Puccini in a puppet show: the Royal Opera House’s 2021-2022 revival of Tosca
The familiar, fifteen-year-old production shrinks to postcard-size in a display window of caricatures.
Anna Pirozzi’s Tosca lays candles at her murdered victim’s side. Photo credit: Tristram Kenton/ROH
Stumbling like the hooves of horses in a cavalry that skids down rocky slopes, some orchestras take several steps to land the notes across their staves. Stayed sections stand in line like animals approaching Noah’s Ark as synchronicity snaps into staggers. Music morphs into a form more incomplete than half-made bars or black dots missing stems.
Like a hobbling hunchback, this year the Royal Opera House’s simulacrum of Puccini’s Tosca bends at halts with every half a dozen paces. At Oksana Lyniv’s helm the orchestra becomes a hawk hard-pressed to crack the hail piled in its nest as swiftly-tumbling notes on flute spill like a pool of shattered glass and squawks emerge from ill-meshed horns and trumpets. Each finish is abrupt: cleared-off like objects blocking passage to a burglar. Delays are indefiable as the ensemble struggles to catch up with Tosca’s hasty actions; sour strings plié-ing like a fumbling ballerina during “Vissi d’arte” and all sections struggling to accompany the heroine as she stands staring at her murdered victim, Scarpia. “Or gli perdono,” (“Now I pardon him,”) admits the stunned protagonist – still waiting for her instrumental escorts.
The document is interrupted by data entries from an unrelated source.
(* Let $\mathcal{X}$ and $\mathcal{Y}$ be infinite-dimensional Banach spaces with Schauder bases $\{x_n\}_{n\ge1}$ and $\{y_n\}_{n\ge1}$, let $f:\mathcal{X}\to\mathcal{Y}$ be a (non-linear) Hölder continuous operator, and let $\mathcal{F}$ be a universal approximator. For every $\varepsilon>0$ and every compact $K\subseteq\mathcal{X}$ there exist $n,N,q\in\mathbb{N}_+$, $\hat f\in\bigcup_c\mathcal{F}_{n,N,c}$ and vectors $z^{(1)},\dots,z^{(N)}\in\mathbb{R}^q$ such that the operator $$\hat t(x)=\sum_{j=1}^N\sum_{i=1}^q\Big[P_{\Delta_N}\circ\hat f\big((\beta^x_k)_{k=1}^n\big)\Big]_j\,z^{(j)}_i\,y_i$$ satisfies $\sup_{x\in K}\|\hat t(x)-f(x)\|_{\mathcal{Y}}<\varepsilon$, where $x=\sum_{k\ge1}\beta^x_kx_k$ is the Schauder expansion of $x$.
   Context: $P_{\Delta_N}$ is the Euclidean orthogonal projection of $\mathbb{R}^N$ onto the simplex $\Delta_N=\{w\in[0,1]^N:\sum w_i=1\}$. A universal approximator is a family $\mathcal{F}=\{\mathcal{F}_{n,m,c}\}$ of sets of maps $\mathbb{R}^n\to\mathbb{R}^m$, nested in $c$, with a rate function $r(\omega,K,n,m,c)$ decreasing to $0$ in $c$, such that every uniformly continuous $f:\mathbb{R}^n\to\mathbb{R}^m$ with continuous modulus $\omega$ is approximated on every compact $K$ within $r(\omega,K,n,m,c)$ by some element of $\mathcal{F}_{n,m,c}$. *)

theory Defs
  imports "HOL-Analysis.Analysis"
begin

text \<open>Euclidean space R^n, represented by functions nat => real vanishing from index n on
  (coordinate k of R^n, k = 1..n, is stored at index k - 1).\<close>
definition euclid :: "nat \<Rightarrow> (nat \<Rightarrow> real) set" where
  "euclid n = {v. \<forall>i\<ge>n. v i = 0}"

definition enorm :: "nat \<Rightarrow> (nat \<Rightarrow> real) \<Rightarrow> real" where
  "enorm n v = sqrt (\<Sum>i<n. (v i)\<^sup>2)"

definition prob_simplex :: "nat \<Rightarrow> (nat \<Rightarrow> real) set" where
  "prob_simplex N = {w \<in> euclid N. (\<forall>i<N. 0 \<le> w i \<and> w i \<le> 1) \<and> (\<Sum>i<N. w i) = 1}"

definition proj_simplex :: "nat \<Rightarrow> (nat \<Rightarrow> real) \<Rightarrow> (nat \<Rightarrow> real)" where
  "proj_simplex N u = (THE w. w \<in> prob_simplex N \<and>
      (\<forall>v\<in>prob_simplex N. enorm N (u - w) \<le> enorm N (u - v)))"

definition modulus :: "(real \<Rightarrow> real) \<Rightarrow> bool" where
  "modulus \<omega> \<longleftrightarrow> continuous_on {0..} \<omega> \<and> \<omega> 0 = 0 \<and> mono_on {0..} \<omega> \<and> (\<forall>t\<ge>0. 0 \<le> \<omega> t)"

definition unif_cont_mod ::
  "(real \<Rightarrow> real) \<Rightarrow> nat \<Rightarrow> nat \<Rightarrow> ((nat \<Rightarrow> real) \<Rightarrow> (nat \<Rightarrow> real)) \<Rightarrow> bool" where
  "unif_cont_mod \<omega> n m f \<longleftrightarrow> (\<forall>v\<in>euclid n. f v \<in> euclid m) \<and>
     (\<forall>u\<in>euclid n. \<forall>v\<in>euclid n. enorm m (f u - f v) \<le> \<omega> (enorm n (u - v)))"

definition universal_approximator ::
  "(nat \<Rightarrow> nat \<Rightarrow> nat \<Rightarrow> ((nat \<Rightarrow> real) \<Rightarrow> (nat \<Rightarrow> real)) set) \<Rightarrow> bool" where
  "universal_approximator F \<longleftrightarrow>
    (\<forall>n m c. \<forall>g\<in>F n m c. \<forall>v\<in>euclid n. g v \<in> euclid m) \<and>
    (\<forall>n m c c'. c \<le> c' \<longrightarrow> F n m c \<subseteq> F n m c') \<and>
    (\<exists>r :: (real \<Rightarrow> real) \<Rightarrow> (nat \<Rightarrow> real) set \<Rightarrow> nat \<Rightarrow> nat \<Rightarrow> nat \<Rightarrow> real.
       (\<forall>\<omega> K n m. antimono (r \<omega> K n m) \<and> (r \<omega> K n m \<longlonglongrightarrow> 0)) \<and>
       (\<forall>\<omega> n m f K c. modulus \<omega> \<longrightarrow> unif_cont_mod \<omega> n m f \<longrightarrow>
          compact K \<longrightarrow> K \<subseteq> euclid n \<longrightarrow>
          (\<exists>g\<in>F n m c. \<forall>v\<in>K. enorm m (f v - g v) \<le> r \<omega> K n m c)))"

text \<open>Schauder basis (indexed from 0): every x has a unique norm-convergent expansion.\<close>
definition schauder_basis :: "(nat \<Rightarrow> 'a::real_normed_vector) \<Rightarrow> bool" where
  "schauder_basis b \<longleftrightarrow> (\<forall>x. \<exists>!\<beta>. (\<lambda>n. \<Sum>k<n. \<beta> k *\<^sub>R b k) \<longlonglongrightarrow> x)"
Hiccoughs seem to stylise the rest of Jonathan Kent’s fifteen-year-old tired, by now intrepid incarnation of the popular Puccini opera. Revival director Amy Lane adds little to his rudimentary visuals: a gold fence sparks almost all the lustre of Rome’s Sant’Andrea della Valle Church; Cavaradossi’s aria, “E lucevan le stelle” (“And the stars were shining”) takes place with the backdrop of a giant starry sky.
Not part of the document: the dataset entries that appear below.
lemma has_integral_Beta_monomial:
  fixes p :: real
  assumes "real a + p > 0" "real b + p > 0"
  shows "((\<lambda>t. t^a * (1-t)^b * (t powr (p-1) * (1-t) powr (p-1)))
           has_integral Beta (real a + p) (real b + p)) {0<..<1}"
proof -
  have powr_split: "x powr (real m + p - 1) = x^m * x powr (p-1)" if "x > 0" for x :: real and m
    using that by (simp add: powr_add [symmetric] powr_realpow [symmetric] add_diff_eq)
  have pointwise: "t powr (real a + p - 1) * (1-t) powr (real b + p - 1)
      = t^a * (1-t)^b * (t powr (p-1) * (1-t) powr (p-1))" if "t \<in> {0<..<1}" for t
    using that by (simp add: powr_split)
  have Beta: "((\<lambda>t. t powr (real a + p - 1) * (1-t) powr (real b + p - 1))
          has_integral Beta (real a + p) (real b + p)) {0<..<1}"
    using has_integral_Beta_real [OF assms] by (simp add: has_integral_Icc_iff_Ioo)
  show ?thesis
    by (rule has_integral_cong [THEN iffD1, OF pointwise Beta])
qed

lemma has_integral_Beta_sum:
  fixes p :: real and c :: "'i \<Rightarrow> real"
  assumes "finite A" and "\<And>i. i \<in> A \<Longrightarrow> real (a i) + p > 0 \<and> real (b i) + p > 0"
  shows "((\<lambda>t. (\<Sum>i\<in>A. c i * (t^(a i) * (1-t)^(b i))) * (t powr (p-1) * (1-t) powr (p-1)))
           has_integral (\<Sum>i\<in>A. c i * Beta (real (a i) + p) (real (b i) + p))) {0<..<1}"
proof -
  have "((\<lambda>t. \<Sum>i\<in>A. c i * (t^(a i) * (1-t)^(b i) * (t powr (p-1) * (1-t) powr (p-1))))
           has_integral (\<Sum>i\<in>A. c i * Beta (real (a i) + p) (real (b i) + p))) {0<..<1}"
    using assms by (intro has_integral_sum has_integral_mult_right has_integral_Beta_monomial) auto
  then show ?thesis
    by (simp only: sum_distrib_right mult.assoc)
qed

lemma bernoulli_bar_Beta_identity:
  fixes p :: real
  assumes "p > -1" "n \<ge> 1"
  shows "(\<Sum>k=1..n-1. bernoulli_bar (2*k) * bernoulli_bar (2*n-2*k) / (fact (2*k) * fact (2*n-2*k))
            * Beta (real (2*k) + p) (real (2*n-2*k) + p))
       = 2 * (\<Sum>k=1..n. bernoulli (2*k) * bernoulli_bar (2*n-2*k) / (fact (2*k) * fact (2*n-2*k))
            * Beta (real (2*k) + p) (p + 1))
       + 2 * (bernoulli_bar (2*n) / fact (2*n)) * (\<Sum>k=1..2*n-1. Beta (p + real k) (p + 1))"
proof -
  define h where "h = bernoulli_bar (2*n) / fact (2*n)"
  define c where "c k = bernoulli (2*k) * bernoulli_bar (2*n-2*k) / (fact (2*k) * fact (2*n-2*k))" for k
  define d where "d k = bernoulli_bar (2*k) * bernoulli_bar (2*n-2*k) / (fact (2*k) * fact (2*n-2*k))" for k
  let ?V = "(\<Sum>k=1..n. c k * Beta (real (2*k) + p) (real 1 + p))
            + (\<Sum>k=1..n. c k * Beta (real 1 + p) (real (2*k) + p))
            + (\<Sum>k=1..2*n-1. h * Beta (real k + p) (real 1 + p))
            + (\<Sum>k=1..2*n-1. h * Beta (real 1 + p) (real k + p))"
  let ?w = "\<lambda>t::real. t powr (p-1) * (1-t) powr (p-1)"
  let ?P1 = "\<lambda>t. \<Sum>k=1..n. c k * (t^(2*k) * (1-t)^1)"
  let ?P2 = "\<lambda>t. \<Sum>k=1..n. c k * (t^1 * (1-t)^(2*k))"
  let ?P3 = "\<lambda>t. \<Sum>k=1..2*n-1. h * (t^k * (1-t)^1)"
  let ?P4 = "\<lambda>t. \<Sum>k=1..2*n-1. h * (t^1 * (1-t)^k)"
  have "((\<lambda>t. (\<Sum>k=1..n-1. d k * (t^(2*k) * (1-t)^(2*n-2*k))) * ?w t)
          has_integral (\<Sum>k=1..n-1. d k * Beta (real (2*k) + p) (real (2*n-2*k) + p))) {0<..<1}"
    using assms(1) by (intro has_integral_Beta_sum) auto
  moreover have "((\<lambda>t. (\<Sum>k=1..n-1. d k * (t^(2*k) * (1-t)^(2*n-2*k))) * ?w t)
          has_integral ?V) {0<..<1}"
  proof (rule has_integral_cong [THEN iffD2])
    show "(\<Sum>k=1..n-1. d k * (t^(2*k) * (1-t)^(2*n-2*k))) * ?w t
        = ?P1 t * ?w t + ?P2 t * ?w t + ?P3 t * ?w t + ?P4 t * ?w t" if "t \<in> {0<..<1}" for t
      using bernoulli_bar_polynomial_identity [of t n] that assms(2)
      unfolding h_def [symmetric] c_def [symmetric] d_def [symmetric] by (simp add: distrib_right)
    show "((\<lambda>t. ?P1 t * ?w t + ?P2 t * ?w t + ?P3 t * ?w t + ?P4 t * ?w t)
          has_integral ?V) {0<..<1}"
      using assms(1) by (intro has_integral_add has_integral_Beta_sum) auto
  qed
  ultimately have "(\<Sum>k=1..n-1. d k * Beta (real (2*k) + p) (real (2*n-2*k) + p)) = ?V"
    by (rule has_integral_unique)
  then show ?thesis
    unfolding h_def [symmetric] c_def [symmetric] d_def [symmetric]
    by (simp add: Beta_commute [of "1 + p"] add.commute sum_distrib_left mult.assoc)
qed

lemma fact_eq_of_nat_mult_Gamma: "m \<ge> 1 \<Longrightarrow> (fact m :: real) = real m * Gamma (real m)"
  using Gamma_fact [of "m - 1", where 'a = real] by (cases m) (simp_all add: add.commute)

lemma Gamma_quotient_eq_Beta:
  fixes p x :: real
  assumes "a \<ge> 1" "b \<ge> 1" "a + b = m" "p > -1"
  shows "x / (real a * real b)
           * (Gamma (real a + p) * Gamma (real b + p) / (Gamma (real a) * Gamma (real b)))
       = Gamma (real m + 2*p) * (x / (fact a * fact b) * Beta (real a + p) (real b + p))"
proof -
  have arg: "real a + p + (real b + p) = real m + 2*p"
    using assms(3) by (simp flip: of_nat_add)
  have "Gamma (real m + 2*p) > 0"
    using assms by simp
  then show ?thesis
    unfolding Beta_def arg using assms(1,2) by (simp add: fact_eq_of_nat_mult_Gamma)
qed

theorem theorem4p2:
  fixes p :: real and n :: nat
  assumes "p \<ge> 0" and "n \<ge> 2"
  shows "(\<Sum>k=1..n-1. bernoulli_bar (2*k) * bernoulli_bar (2*n-2*k) / (real (2*k) * real (2*n-2*k))
            * (Gamma (real (2*k) + p) * Gamma (real (2*n-2*k) + p) / (Gamma (real (2*k)) * Gamma (real (2*n-2*k)))))
       = 2 * Gamma (p + 1) * (\<Sum>k=1..n. bernoulli (2*k) * bernoulli_bar (2*n-2*k) / (fact (2*k) * fact (2*n-2*k))
            * (Gamma (real (2*k) + p) * Gamma (real (2*n) + 2*p) / Gamma (2*p + real (2*k) + 1)))
         + 2 * (bernoulli_bar (2*n) * Gamma (real (2*n) + 2*p) / fact (2*n))
             * (\<Sum>k=1..2*n-1. Beta (p + real k) (p + 1))"
proof -
  have p: "p > -1" "n \<ge> 1"
    using assms by auto
  define G where "G = Gamma (real (2*n) + 2*p)"
  have "G * (\<Sum>k=1..n. bernoulli (2*k) * bernoulli_bar (2*n-2*k) / (fact (2*k) * fact (2*n-2*k))
            * Beta (real (2*k) + p) (p + 1))
      = Gamma (p + 1) * (\<Sum>k=1..n. bernoulli (2*k) * bernoulli_bar (2*n-2*k) / (fact (2*k) * fact (2*n-2*k))
            * (Gamma (real (2*k) + p) * Gamma (real (2*n) + 2*p) / Gamma (2*p + real (2*k) + 1)))"
    unfolding sum_distrib_left G_def by (intro sum.cong refl) (simp add: Beta_def algebra_simps)
  moreover have "(\<Sum>k=1..n-1. bernoulli_bar (2*k) * bernoulli_bar (2*n-2*k) / (real (2*k) * real (2*n-2*k))
            * (Gamma (real (2*k) + p) * Gamma (real (2*n-2*k) + p)
               / (Gamma (real (2*k)) * Gamma (real (2*n-2*k)))))
      = G * (\<Sum>k=1..n-1. bernoulli_bar (2*k) * bernoulli_bar (2*n-2*k) / (fact (2*k) * fact (2*n-2*k))
            * Beta (real (2*k) + p) (real (2*n-2*k) + p))"
    unfolding sum_distrib_left G_def using p by (intro sum.cong refl Gamma_quotient_eq_Beta) auto
  ultimately show ?thesis
    unfolding bernoulli_bar_Beta_identity [OF p] G_def by (simp add: algebra_simps)
qed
Simplicity succeeds in opera on the heels of lofty greats whose luminous performances loom over uncreative elegance. Here their demeanour is misguidedly much denser than the décor.
Summoning a strength gargantuan, Riccardo Massi strives to mount a superhuman with each entrance as Cavaradossi. Final notes of lines are drawn out to the point of buckling from exhaustion in a manner scarcely feasible: “nia” in “Recondita armonia” (“Hidden harmony”) is tripled in its length and perilously pitched; the tenor’s proclamation of “Vittoria” in Act II stretches “tor” into some seven syllables. Clumsiness is the consistent feature in a skeletal embodiment apparently more focused on the execution of loud notes than realism.
Joining Massi with her flair for the far-fetched is Anna Pirozzi, the soprano portraying the titular role. Overexpression excises the tender moments in a histrionic tour de force whose excess sours notes in simple phrases like, “Lascia pria che la preghi, che l’infiori,” (“Let me first pray and offer these flowers”). Dragging the skirt of her dress to and fro, Pirozzi offers cartoon eyes in simulations of her horror. When she however lets slip the location of much-hounded political prisoner, Angelotti – “Nel pozzo, nel giardino” (“In the well, in the garden”) – she does so like a local telling a lost tourist how to reach the station. Her tone is troubled throughout “Vissi d’arte” and she starts “Sempre, con fe sincera” (“Always with true faith”) a few bars early before realising her error and resuming punctually.
Imperiousness at least imbues the Scarpia of Claudio Sgura as he deftly varnishes his villain’s threats with venomous vibrato. Self-love exudes with every one of his commands; serving his bombasticity as he instructs Sciarrone, “Le darai questo biglietto” (“Give Tosca this note”). Certain words are nevertheless oversaturated with this smugness – on the brink of stereotype as Scarpia remarks, “È vin di Spagna,” (“It’s a Spanish wine”) with a congratulating stress. Others collapse into misfired intonations. Asking Tosca which way out of Rome she and her lover plan to take (all the while knowing he will kill the latter), he extends the name with high-pitched shyness in a strangely scared “Civitavecchia”.
Devolving into serial strained notes and squeaks not unlike exclamations in a puppet show, the piece assumes the latter’s guise as errant players pop its naturalism; coating it in a display less intricately crafted than a Harrods Christmas shopping window.
But the latter would most likely be more fun to watch.